EXERCISE:
Would you please transcribe, exactly as written, the lines of the entries below starting at the one that holds "(E x y \<or>" and ending at the one that holds "L f \<longleftrightarrow>", both included?

MATERIAL TO PROCESS:
· · · ·

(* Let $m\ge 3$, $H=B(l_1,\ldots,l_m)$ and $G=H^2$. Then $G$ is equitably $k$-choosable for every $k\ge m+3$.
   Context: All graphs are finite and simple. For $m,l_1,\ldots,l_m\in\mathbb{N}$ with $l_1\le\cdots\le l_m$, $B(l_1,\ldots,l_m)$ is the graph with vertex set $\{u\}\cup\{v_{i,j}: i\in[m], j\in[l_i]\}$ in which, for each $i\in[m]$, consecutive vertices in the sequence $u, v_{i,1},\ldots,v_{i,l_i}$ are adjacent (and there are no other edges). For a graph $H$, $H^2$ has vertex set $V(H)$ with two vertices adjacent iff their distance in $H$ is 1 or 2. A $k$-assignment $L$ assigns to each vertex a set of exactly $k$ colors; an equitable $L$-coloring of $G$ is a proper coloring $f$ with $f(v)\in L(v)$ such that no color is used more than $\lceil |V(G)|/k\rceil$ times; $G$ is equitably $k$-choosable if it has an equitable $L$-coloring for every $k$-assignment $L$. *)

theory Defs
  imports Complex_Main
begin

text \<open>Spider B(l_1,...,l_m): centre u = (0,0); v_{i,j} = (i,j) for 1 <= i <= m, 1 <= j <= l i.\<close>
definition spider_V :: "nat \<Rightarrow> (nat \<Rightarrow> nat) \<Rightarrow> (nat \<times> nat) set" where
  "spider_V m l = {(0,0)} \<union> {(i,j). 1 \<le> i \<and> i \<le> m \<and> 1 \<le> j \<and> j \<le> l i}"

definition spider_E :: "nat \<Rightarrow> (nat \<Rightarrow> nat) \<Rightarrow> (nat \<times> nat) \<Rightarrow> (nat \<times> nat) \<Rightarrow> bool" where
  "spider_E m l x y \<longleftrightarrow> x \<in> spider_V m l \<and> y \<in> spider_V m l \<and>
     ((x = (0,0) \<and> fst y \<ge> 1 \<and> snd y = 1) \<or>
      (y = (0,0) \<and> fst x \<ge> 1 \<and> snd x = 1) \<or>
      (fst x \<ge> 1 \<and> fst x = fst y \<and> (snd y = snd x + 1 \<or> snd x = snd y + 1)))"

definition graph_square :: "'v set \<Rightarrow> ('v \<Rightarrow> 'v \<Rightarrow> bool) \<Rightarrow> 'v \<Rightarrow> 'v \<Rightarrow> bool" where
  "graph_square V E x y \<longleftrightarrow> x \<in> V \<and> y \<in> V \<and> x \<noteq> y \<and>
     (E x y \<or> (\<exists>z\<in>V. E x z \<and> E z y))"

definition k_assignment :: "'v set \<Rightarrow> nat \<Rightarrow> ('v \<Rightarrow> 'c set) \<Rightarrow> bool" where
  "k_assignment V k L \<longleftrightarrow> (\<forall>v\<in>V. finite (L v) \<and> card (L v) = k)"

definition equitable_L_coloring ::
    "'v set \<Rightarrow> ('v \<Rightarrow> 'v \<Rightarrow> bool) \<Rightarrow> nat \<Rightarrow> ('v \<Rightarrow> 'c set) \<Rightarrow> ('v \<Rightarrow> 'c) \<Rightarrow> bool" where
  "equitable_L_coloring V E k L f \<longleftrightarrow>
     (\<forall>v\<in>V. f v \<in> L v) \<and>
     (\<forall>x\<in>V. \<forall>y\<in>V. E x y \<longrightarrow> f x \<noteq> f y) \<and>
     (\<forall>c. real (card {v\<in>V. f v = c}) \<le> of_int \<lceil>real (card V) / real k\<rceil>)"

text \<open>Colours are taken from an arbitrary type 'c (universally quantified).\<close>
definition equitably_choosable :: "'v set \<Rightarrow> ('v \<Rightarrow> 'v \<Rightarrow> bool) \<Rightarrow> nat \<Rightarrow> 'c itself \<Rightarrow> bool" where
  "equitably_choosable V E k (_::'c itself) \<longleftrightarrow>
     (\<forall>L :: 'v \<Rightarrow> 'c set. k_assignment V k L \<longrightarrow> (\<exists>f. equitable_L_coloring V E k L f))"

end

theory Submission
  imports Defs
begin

· · · ·

OUTPUT OF THE TASK:
     (E x y \<or> (\<exists>z\<in>V. E x z \<and> E z y))"

definition k_assignment :: "'v set \<Rightarrow> nat \<Rightarrow> ('v \<Rightarrow> 'c set) \<Rightarrow> bool" where
  "k_assignment V k L \<longleftrightarrow> (\<forall>v\<in>V. finite (L v) \<and> card (L v) = k)"

definition equitable_L_coloring ::
    "'v set \<Rightarrow> ('v \<Rightarrow> 'v \<Rightarrow> bool) \<Rightarrow> nat \<Rightarrow> ('v \<Rightarrow> 'c set) \<Rightarrow> ('v \<Rightarrow> 'c) \<Rightarrow> bool" where
  "equitable_L_coloring V E k L f \<longleftrightarrow>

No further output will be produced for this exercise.